Extracted records =
(* For every $(x,a)\in H\times\mathcal{A}$, $Q^{\delta,\mathscr{P}}_{\pi}(x,a)$ equals the optimal value of the convex program \[ \inf_{\lambda\ge0,\ h:\mathcal{X}\to\mathbb{R}}\ \Big(\lambda\delta+\sum_{y\in\mathcal{X}}h(y)P_{x,a}(y)\Big) \] subject to \[ \max_{l\in\mathcal{X}}\Big(-\lambda|l-y|+c(x,a,l)+\sum_{a'\in\mathcal{A}}Q^{\delta,\mathscr{P}}_{\pi}(l,a')\pi(a'|l)\Big)\le h(y)\quad\text{for all }y\in\mathcal{X}, \] where $c(x,a,l)=1$ if $l\in U$ and $c(x,a,l)=0$ otherwise.
   Context: Consider a Markov decision process with a finite state set $\mathcal{X}$, viewed as a subset of $\mathbb{R}$ (so $|y-z|$ is the distance between states), and a finite action set $\mathcal{A}$. The state set is partitioned into a goal set $E$, a forbidden (unsafe) set $U$, and $H:=\mathcal{X}\setminus(E\cup U)$; $E$ and $U$ are terminal (the process stops there). For each $(x,a)\in H\times\mathcal{A}$ a nominal transition probability $\mathcal{P}_{x,a}=\{P_{x,a}(y)\}_{y\in\mathcal{X}}$ on $\mathcal{X}$ is given, and $\mathscr{P}=\{\mathcal{P}_{x,a}\}_{(x,a)\in H\times\mathcal{A}}$; transition probabilities are time-invariant. The sample space is $\Omega=(\mathcal{X}\times\mathcal{A})^{\infty}$ with coordinate processes $X_t,A_t$. A stationary policy is $\pi:\mathcal{X}\to\mathscr{M}(\mathcal{A})$, written $\pi(a|x)$. For any collection $\tilde{\mathscr{P}}=\{\tilde{\mathcal{P}}_{x,a}\}_{(x,a)\in H\times\mathcal{A}}$ of transition probabilities, $\mathbb{E}^{\tilde{\mathscr{P}}}_{\pi}$ denotes expectation for the process with $X_{t+1}\sim\tilde{\mathcal{P}}_{X_t,A_t}$ and $A_t\sim\pi(\cdot|X_t)$ (except when $A_0$ is conditioned on). For $S\subseteq\mathcal{X}$, $\tau_S$ is the first hitting time of $S$, and $\tau=\tau_{E\cup U}$. The 1-Wasserstein distance between probability measures $\mu,\nu$ on $\mathcal{X}$ is $W(\mu,\nu)=\min\{\sum_{(y,z)}\Gamma(y,z)|y-z| : \Gamma\in\mathscr{M}(\mathcal{X}\times\mathcal{X}),\ \sum_z\Gamma(y,z)=\mu(y),\ \sum_y\Gamma(y,z)=\nu(z)\}$. For $\delta\ge0$, $\mathcal{D}^{\delta}_{x,a}=\{\tilde{\mathcal{P}}_{x,a}\in\mathscr{M}(\mathcal{X}): W(\tilde{\mathcal{P}}_{x,a},\mathcal{P}_{x,a})\le\delta\}$ and $\mathscr{D}^{\delta}=\prod_{(x,a)\in H\times\mathcal{A}}\mathcal{D}^{\delta}_{x,a}$. The robust Q-function is $Q^{\delta,\mathscr{P}}_{\pi}(x,a)=\sup_{\tilde{\mathscr{P}}\in\mathscr{D}^{\delta}}\mathbb{E}^{\tilde{\mathscr{P}}}_{\pi}\big[\sum_{t=0}^{\tau-1}c_{t+1}\mid X_0=x,A_0=a\big]$, where $c_{t+1}=1$ if $X_{t+1}\in U$ and $0$ otherwise; by the same formula (empty sum, since $\tau=0$), $Q^{\delta,\mathscr{P}}_{\pi}(l,a')=0$ for terminal states $l\in E\cup U$. *)

theory Defs
  imports "HOL-Analysis.Analysis"
begin

definition is_dist :: "'b set \<Rightarrow> ('b \<Rightarrow> real) \<Rightarrow> bool" where
  "is_dist S \<mu> \<longleftrightarrow> (\<forall>y\<in>S. 0 \<le> \<mu> y) \<and> (\<Sum>y\<in>S. \<mu> y) = 1 \<and> (\<forall>y. y \<notin> S \<longrightarrow> \<mu> y = 0)"

definition couplings :: "real set \<Rightarrow> (real \<Rightarrow> real) \<Rightarrow> (real \<Rightarrow> real) \<Rightarrow> (real \<times> real \<Rightarrow> real) set" where
  "couplings X \<mu> \<nu> = {\<Gamma>. (\<forall>p\<in>X \<times> X. 0 \<le> \<Gamma> p)
      \<and> (\<forall>y\<in>X. (\<Sum>z\<in>X. \<Gamma> (y, z)) = \<mu> y)
      \<and> (\<forall>z\<in>X. (\<Sum>y\<in>X. \<Gamma> (y, z)) = \<nu> z)}"

text \<open>1-Wasserstein distance (the minimum is attained; we write it as an infimum).\<close>
definition wasserstein :: "real set \<Rightarrow> (real \<Rightarrow> real) \<Rightarrow> (real \<Rightarrow> real) \<Rightarrow> real" where
  "wasserstein X \<mu> \<nu> = Inf ((\<lambda>\<Gamma>. \<Sum>p\<in>X \<times> X. \<Gamma> p * \<bar>fst p - snd p\<bar>) ` couplings X \<mu> \<nu>)"

definition ambiguity_set ::
  "real set \<Rightarrow> real set \<Rightarrow> 'a set \<Rightarrow> real \<Rightarrow> (real \<Rightarrow> 'a \<Rightarrow> real \<Rightarrow> real)
     \<Rightarrow> (real \<Rightarrow> 'a \<Rightarrow> real \<Rightarrow> real) set" where
  "ambiguity_set X H A \<delta> P = {Pt. \<forall>x\<in>H. \<forall>a\<in>A.
       is_dist X (Pt x a) \<and> wasserstein X (Pt x a) (P x a) \<le> \<delta>}"
theorem theorem5p8:
  fixes n c :: nat
  assumes "n \<ge> 5" and "c \<ge> 1"
  shows "derived (UW n c) (derived (UW n c) (carrier (UW n c)))
         = derived (UW n c) (carrier (UW n c))"
proof -
  interpret presentation "valid_gen n c" "uw_rels n c"
    by unfold_locales (use uw_rels_valid in \<open>auto simp: valid_word_def\<close>)
  have "uv_family (UW n c) n c generator"
  proof (intro uv_family.intro uv_family_axioms.intro)
    show "group (UW n c)"
      by (simp add: UW_def group_PG)
    show "generator x \<in> carrier (UW n c)" if "valid_gen n c x" for x
      using that by (simp add: UW_def generator_closed)
    show "eval_word (UW n c) generator u = eval_word (UW n c) generator v"
      if "(u, v) \<in> uv_rels n c" for u v
      using that uv_rels_subset_uw_rels generators_satisfy_relators unfolding UW_def by blast
  qed
  then show ?thesis
    using uv_family.derived_derived_eq_derived assms(1) generate_generators by (simp add: UW_def)
qed

end
(* Let $n$ be a nonnegative integer and let $x,y$ be complex numbers such that no denominator below vanishes. Then \[ \sum_{k=0}^{2n}(-1)^k\binom{2n}{k}\frac{\binom{x+k}{k}\binom{y+k}{k}}{\binom{x+2n}{k}\binom{y+2n}{k}}H_{k}(x) =\frac{1}{2}\frac{\binom{x+n}{n}\binom{y+n}{n}\binom{1+x+y+2n}{2n}}{\binom{x+2n}{2n}\binom{y+2n}{2n}\binom{1+x+y+n}{n}} \big\{H_n(x)-H_n(1+x+y)+H_{2n}(1+x+y)\big\}. \]
   Context: For complex $z$ and a nonnegative integer $k$, $\binom{z}{k}=\frac{z(z-1)\cdots(z-k+1)}{k!}$ (with $\binom{z}{0}=1$). For complex $x$ and nonnegative integer $m$, the generalized harmonic number is $H_0(x)=0$ and $H_m(x)=\sum_{j=1}^m\frac{1}{x+j}$ for $m\ge 1$. The parameters are assumed to be such that all denominators (including those in the harmonic numbers) are nonzero. *)

theory Defs
  imports "HOL-Analysis.Analysis"
begin

definition genH :: "nat \<Rightarrow> complex \<Rightarrow> complex" where
  "genH m x = (\<Sum>j=1..m. 1 / (x + of_nat j))"

end

theory Submission
  imports Defs
begin

text \<open>
  Write \<open>S(n,x,y)\<close> for the alternating sum of the theorem without the harmonic numbers.
  It is Dixon's well-poised \<open>\<^sub>3F\<^sub>2\<close> sum, with closed form
  \<open>(2n)!/n! \<cdot> (x+y+n+2)\<^sub>n / ((x+n+1)\<^sub>n (y+n+1)\<^sub>n)\<close>; we prove this by the WZ method:
  both sides satisfy \<open>F(n+1,x,y) = \<rho>(n,x,y) F(n,x+1,y+1)\<close> with the same rational \<open>\<rho>\<close>.

  The identity holds on an open set of \<open>x\<close>, so it may be differentiated in \<open>x\<close>.
  The logarithmic derivative of the \<open>k\<close>-th term is \<open>H\<^sub>k(x) - H\<^sub>2\<^sub>n(x) + H\<^sub>2\<^sub>n\<^sub>-\<^sub>k(x)\<close>,
  and the terms are invariant under \<open>k \<mapsto> 2n - k\<close>, so the derivative of the sum is
  \<open>2T - H\<^sub>2\<^sub>n(x) S\<close>, where \<open>T\<close> is the sum of the theorem. Comparing with the
  logarithmic derivative of the closed form determines \<open>T\<close>.
\<close>

section \<open>Harmonic numbers and logarithmic derivatives\<close>

lemma genH_conv_sum_lessThan: "genH m x = (\<Sum>i<m. 1 / (x + of_nat (Suc i)))"
  unfolding genH_def using sum.atLeast1_atMost_eq[of "\<lambda>j. 1 / (x + of_nat j)" m] by simp

lemma genH_Suc: "genH (Suc m) x = genH m x + 1 / (x + of_nat (Suc m))"
  unfolding genH_conv_sum_lessThan by simp

lemma genH_add: "genH (m + p) x = genH m x + (\<Sum>i<p. 1 / (x + of_nat (m + Suc i)))"
  by (induction p) (simp_all add: genH_Suc)

lemma genH_diff_conv_sum:
  assumes "k \<le> m"
  shows "genH m x - genH (m - k) x = (\<Sum>i<k. 1 / (x + (of_nat m - of_nat i)))"
  using assms
proof (induction k)
  case (Suc k)
  have "m - k = Suc (m - Suc k)" and "of_nat (Suc (m - Suc k)) = (of_nat m - of_nat k :: complex)"
    using Suc.prems by (simp_all add: of_nat_diff)
  then show ?case
    using Suc by (simp add: genH_Suc algebra_simps)
qed simp

lemma has_field_derivative_linear_fraction:
  fixes a b w :: complex
  assumes "w + a \<noteq> 0" and "w + b \<noteq> 0"
  shows "((\<lambda>z. (z + a) / (z + b)) has_field_derivative
           (w + a) / (w + b) * (1 / (w + a) - 1 / (w + b))) (at w)"
  using assms by (auto intro!: derivative_eq_intros simp: divide_simps)

lemma has_field_derivative_prod_linear_fractions:
  fixes a b :: "'i \<Rightarrow> complex"
  assumes "\<And>i. i \<in> I \<Longrightarrow> w + a i \<noteq> 0" and "\<And>i. i \<in> I \<Longrightarrow> w + b i \<noteq> 0"
  shows "((\<lambda>z. \<Prod>i\<in>I. (z + a i) / (z + b i)) has_field_derivative
           (\<Prod>i\<in>I. (w + a i) / (w + b i)) * (\<Sum>i\<in>I. 1 / (w + a i) - 1 / (w + b i))) (at w)"
proof -
  define f' where "f' i = (w + a i) / (w + b i) * (1 / (w + a i) - 1 / (w + b i))" for i
  have "((\<lambda>z. \<Prod>i\<in>I. (z + a i) / (z + b i)) has_field_derivative
          (\<Prod>i\<in>I. (w + a i) / (w + b i)) * (\<Sum>i\<in>I. f' i / ((w + a i) / (w + b i)))) (at w)"
  proof (rule has_field_derivative_prod')
    fix i assume "i \<in> I"
    then show "(w + a i) / (w + b i) \<noteq> 0"
      using assms by simp
    show "((\<lambda>z. (z + a i) / (z + b i)) has_field_derivative f' i) (at w)"
      unfolding f'_def using \<open>i \<in> I\<close> assms by (intro has_field_derivative_linear_fraction)
  qed
  moreover have "(\<Sum>i\<in>I. f' i / ((w + a i) / (w + b i))) = (\<Sum>i\<in>I. 1 / (w + a i) - 1 / (w + b i))"
    using assms by (intro sum.cong) (auto simp: f'_def)
  ultimately show ?thesis
    by simp
qed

Work instruction = Pull every line containing the string "auto" out of the data above and copy it.

Output =
    by unfold_locales (use uw_rels_valid in \<open>auto simp: valid_word_def\<close>)
  using assms by (auto intro!: derivative_eq_intros simp: divide_simps)
    using assms by (intro sum.cong) (auto simp: f'_def)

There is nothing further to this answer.